Из глаз Торкила исчез злой огонек, и он начал хихикать.

– О кузина, какая же вы шутница! Вечно у вас шуточки на уме! Конечно же, я не стану вас бить прикладом по голове, ведь вы такая красивая!

Кейт взяла у него ружье и протянула его Баджеру, который принял его, не говоря ни слова, но на лице его отразилось облегчение.

– Я пытался застрелить собаку, – объяснил он камердинеру. – Я промахнулся, но совсем немного, Баджер. О, Кейт, милая Кейт, не сердитесь на меня и не уходите! Клянусь, я не хотел стрелять в вас!

– Нет, конечно же нет! – ответила она. – Но до тех пор, пока вы не научитесь управлять своими эмоциями, не надейтесь, что я стану упрашивать вашу мать разрешить вам научиться стрелять! Я лучше посоветую вашей маме убрать все ружья подальше. Вам нельзя доверять оружие, Торкил!

Торкил рассердился на Кейт, но она не обратила на это внимания и ушла, увидев, что к ним бежит доктор Делаболь. У доктора был встревоженный вид, но, увидев, что ружье находится в руках Баджера, он вздохнул с облегчением. Доктор бежал со стороны дома, и когда они с Кейт поравнялись, она была уже далеко от Торкила, и он не мог услышать их разговор. Доктор преградил ей дорогу, и Кейт ничего не оставалось, как остановиться. Делаболь, понизив голос, встревожено спросил:

– Что случилось, мисс Кейт? Я слышал два выстрела!

– Торкил стрелял в собаку, – сдержанно ответила Кейт.

– Ах, только и всего!

– Только и всего?! – воскликнула Кейт таким тоном, словно не поверила собственным ушам. – Поверьте моему слову, сэр, вы слишком равнодушно воспринимаете случившееся! Что касается меня, то я думаю, что это чудовищно! И как только у Торкила поднялась рука на собаку!

– Да, да, он поступил плохо, как вы выразились, чудовищно. Но он, как вы знаете, не любит собак. Он их терпеть не может!

– Собаке он тоже не понравился! – выпалила Кейт. – Этот щенок всячески заигрывал со мной, зато, когда появился Торкил, он ощетинился и начал на него рычать. Вне всякого сомнения, инстинкт подсказал собаке, что этого человека надо опасаться!

– Истинная правда! Удивительно, как у собак развито чувство опасности. Дело в том, что Торкил однажды, будучи еще ребенком, был сильно искусан собакой – большой охотничьей собакой, принадлежавшей сэру Тимоти. Этот случай оставил неизгладимое впечатление в памяти бедного ребенка!

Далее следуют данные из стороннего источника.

(* Consider an infinite execution $\gamma_0\gamma_1\ldots$ of the unison dynamics with $\gamma_0$ satisfying $WU_0$, in which every process increments its clock infinitely often, and let $\bot_0$, $\widetilde{p^t.r}$, $t_{p,k}$ and $C_k$ be as in the context. Then for every integer $k\ge \bot_0+D$, $C_k$ is a well-defined coherent cut.
   Context: Let $G=(V,E)$ be a finite connected undirected graph, $|V|=n\ge 2$, $\mathcal N_p$ the set of neighbors of $p$, $d(p,q)$ the hop distance, $D$ the diameter, and $V(p,r)=\{q\in V: d(p,q)\le r\}$. Fix an integer $M\ge 3$; for an integer $a$, $\bar a\in\{0,\dots,M-1\}$ denotes its residue modulo $M$. Each process $p$ holds a clock $p.r\in\{0,\dots,M-1\}$; $p^t.r$ denotes its value in configuration $\gamma_t$. Integers $a,b$ are locally comparable if $\min(\overline{a-b},\overline{b-a})\le 1$, and then $b\ominus a=\overline{b-a}$ if $\overline{b-a}\le 1$, and $b\ominus a=-\overline{a-b}$ otherwise. A configuration satisfies $WU$ if for every edge $\{p,q\}$, $p.r$ and $q.r$ are locally comparable. The delay of a path $\mu=p_0p_1\ldots p_k$ is $\delta_\mu=\sum_{i=0}^{k-1}(p_{i+1}.r\ominus p_i.r)$ ($0$ if $k=0$). A configuration satisfies $WU_0$ if it satisfies $WU$ and the delay is intrinsic: for all $p,q$, all paths from $p$ to $q$ have the same delay, denoted $\delta_{(p,q)}$ ($\delta^t_{(p,q)}$ in $\gamma_t$). Dynamics: a process $p$ is enabled iff for every $q\in\mathcal N_p$, $q.r=p.r$ or $q.r=\overline{p.r+1}$. In a transition $\gamma_t\to\gamma_{t+1}$ a nonempty set of processes enabled in $\gamma_t$ is chosen (by an arbitrary, possibly unfair, daemon) and each of them sets $p.r:=\overline{p.r+1}$; other clocks are unchanged. Events: $(p,0)$ is an event for every $p$; $(p,t+1)$ is an event iff $p$ increments in $\gamma_t\to\gamma_{t+1}$. Causal relation $\leadsto$: for an event $(p,t)$ with $t>0$, $(p,t')\leadsto(p,t)$ where $t'$ is the largest time $<t$ such that $(p,t')$ is an event, and for each $q\in\mathcal N_p$, $(q,t')\leadsto(p,t)$ where $t'$ is the largest time $<t$ such that $(q,t')$ is an event. $\preceq$ is the reflexive–transitive closure of $\leadsto$. Lifting: assume $\gamma_0$ satisfies $WU_0$. Choose $p_0$ with $\delta^0_{(p_0,q)}\ge 0$ for all $q\in V$, and let $\bot_0=p_0^0.r$. Define integers $\widetilde{p^t.r}$ by $\widetilde{p^0.r}=\bot_0+\delta^0_{(p_0,p)}$, and $\widetilde{p^{t+1}.r}=\widetilde{p^t.r}+1$ if $p$ increments in $\gamma_t\to\gamma_{t+1}$, $\widetilde{p^{t+1}.r}=\widetilde{p^t.r}$ otherwise. For an integer $k$, $t_{p,k}$ is the smallest $t$ with $\widetilde{p^t.r}=k$, and $C_k=\{(p,t_{p,k}):p\in V\}$. A cut is a map $C:p\mapsto t^C_p$ (identified with the set $\{(p,t^C_p)\}$) such that each $(p,t^C_p)$ is an event. A cut $C$ is coherent if whenever $(q,t')\preceq(p,t)\preceq(p,t^C_p)$, then $(q,t')\preceq(q,t^C_q)$. *)

theory Defs
  imports Main
begin

definition ugraph :: "'a set \<Rightarrow> ('a \<Rightarrow> 'a \<Rightarrow> bool) \<Rightarrow> bool" where
  "ugraph V E \<longleftrightarrow> finite V \<and> (\<forall>p q. E p q \<longrightarrow> p \<in> V \<and> q \<in> V)
     \<and> (\<forall>p q. E p q \<longrightarrow> E q p) \<and> (\<forall>p. \<not> E p p)"

definition nbrs :: "'a set \<Rightarrow> ('a \<Rightarrow> 'a \<Rightarrow> bool) \<Rightarrow> 'a \<Rightarrow> 'a set" where
  "nbrs V E p = {q \<in> V. E p q}"

fun adj_list :: "('a \<Rightarrow> 'a \<Rightarrow> bool) \<Rightarrow> 'a list \<Rightarrow> bool" where
  "adj_list E [] = True"
| "adj_list E [x] = True"
| "adj_list E (x # y # xs) = (E x y \<and> adj_list E (y # xs))"

definition is_path :: "'a set \<Rightarrow> ('a \<Rightarrow> 'a \<Rightarrow> bool) \<Rightarrow> 'a \<Rightarrow> 'a list \<Rightarrow> 'a \<Rightarrow> bool" where
  "is_path V E p xs q \<longleftrightarrow> xs \<noteq> [] \<and> set xs \<subseteq> V \<and> adj_list E xs \<and> hd xs = p \<and> last xs = q"

definition connected_graph :: "'a set \<Rightarrow> ('a \<Rightarrow> 'a \<Rightarrow> bool) \<Rightarrow> bool" where
  "connected_graph V E \<longleftrightarrow> (\<forall>p\<in>V. \<forall>q\<in>V. \<exists>xs. is_path V E p xs q)"

definition hop_dist :: "'a set \<Rightarrow> ('a \<Rightarrow> 'a \<Rightarrow> bool) \<Rightarrow> 'a \<Rightarrow> 'a \<Rightarrow> nat" where
  "hop_dist V E p q = (LEAST n. \<exists>xs. is_path V E p xs q \<and> length xs = Suc n)"

definition diameter :: "'a set \<Rightarrow> ('a \<Rightarrow> 'a \<Rightarrow> bool) \<Rightarrow> nat" where
  "diameter V E = Max {hop_dist V E p q | p q. p \<in> V \<and> q \<in> V}"

definition res :: "int \<Rightarrow> int \<Rightarrow> int" where
  "res M a = a mod M"

definition loc_comp :: "int \<Rightarrow> int \<Rightarrow> int \<Rightarrow> bool" where
  "loc_comp M a b \<longleftrightarrow> min (res M (a - b)) (res M (b - a)) \<le> 1"

definition ominus :: "int \<Rightarrow> int \<Rightarrow> int \<Rightarrow> int" where
  "ominus M b a = (if res M (b - a) \<le> 1 then res M (b - a) else - res M (a - b))"

definition WU :: "int \<Rightarrow> 'a set \<Rightarrow> ('a \<Rightarrow> 'a \<Rightarrow> bool) \<Rightarrow> ('a \<Rightarrow> int) \<Rightarrow> bool" where
  "WU M V E c \<longleftrightarrow> (\<forall>p q. E p q \<longrightarrow> loc_comp M (c p) (c q))"

fun delay :: "int \<Rightarrow> ('a \<Rightarrow> int) \<Rightarrow> 'a list \<Rightarrow> int" where
  "delay M c [] = 0"
| "delay M c [x] = 0"
| "delay M c (x # y # xs) = ominus M (c y) (c x) + delay M c (y # xs)"
(* Under the setting below, $G_{15}$ is plane (no two of its edges properly cross).
   Context: Setting: $V$ is a finite set of points (vertices) in the plane and $S$ a finite set of simple polygonal obstacles, pairwise non-intersecting, all of whose corners lie in $V$; each vertex is a corner of at most one obstacle and occurs at most once on its boundary. General position: no three vertices collinear and no two vertices on a line parallel to a cone boundary ray. Points $p,q$ are visible if segment $pq$ does not properly intersect any obstacle (touching at vertices or running along boundaries is allowed, meeting an obstacle interior is not). Cones: around each vertex $u$ the plane is partitioned into six cones of angle $\pi/3$ with apex $u$; $C_0^u$ has the upward vertical bisector, and counterclockwise the cones are $C_0^u,\overline{C_2^u},C_1^u,\overline{C_0^u},C_2^u,\overline{C_1^u}$ (positive cones $C_i$, negative cones $\overline{C_i}$). If the obstacle having $u$ as a corner splits a cone so that there are vertices visible from $u$ on both sides of the obstacle within it, the cone is regarded as two subcones; otherwise a single subcone. $G_\infty$: for every vertex $u$ and every positive subcone of $u$, add an edge from $u$ to the vertex visible from $u$ in that subcone whose orthogonal projection onto the cone's bisector is closest to $u$. $G_{15}$ is obtained from $G_\infty$ by, for every vertex $u$ and every negative subcone of $u$, deleting all edges of $G_\infty$ incident to $u$ in that subcone except the leftmost (clockwise extreme as seen from $u$), the rightmost (counterclockwise extreme), and the one to the closest vertex (smallest projection onto the cone's bisector). *)

theory Defs
  imports "HOL-Analysis.Analysis"
begin

type_synonym pt = "real \<times> real"

definition cross :: "pt \<Rightarrow> pt \<Rightarrow> real" where
  "cross a b = fst a * snd b - snd a * fst b"

definition dot :: "pt \<Rightarrow> pt \<Rightarrow> real" where
  "dot a b = fst a * fst b + snd a * snd b"

definition poly_edge :: "pt list \<Rightarrow> nat \<Rightarrow> pt set" where
  "poly_edge P i = closed_segment (P ! i) (P ! (Suc i mod length P))"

– Однако это не оправдывает его желания убить собаку, принадлежащую кому-то другому, – заявила Кейт.

– Конечно, нет! Конечно, не оправдывает. Однако осмелюсь предположить, что Торкил считал себя вправе убить бродячую собаку, которая, вне всякого сомнения, охотилась на территории его поместья. Вы же знаете, что он, как помещик, имеет такое право! Разумеется, я не оправдываю Торкила! Он поступил очень дурно. Но вы же знаете, мисс Кейт, как легко он выходит из себя! Совершенно перестает контролировать свои поступки! Торкил страдает от раздражения нервов, и если его сильно напугать, то он импульсивно будет защищаться. У меня нет ни малейшего сомнения, что он выстрелил в собаку, не задумываясь.

– Я в этом тоже не сомневаюсь, – сухо проговорила Кейт. – Ему нельзя давать в руки оружие, и я так ему и сказала.

– Конечно нет! Разумеется, нельзя давать! – согласился доктор. – Но, умоляю вас, не бойтесь! Этот случай больше не повторится!

Кейт наклонила голову, показывая тем самым, что хочет пройти, и доктор тут же сделал шаг в сторону и вежливо поклонился ей, снова заверив ее, что ей нечего опасаться.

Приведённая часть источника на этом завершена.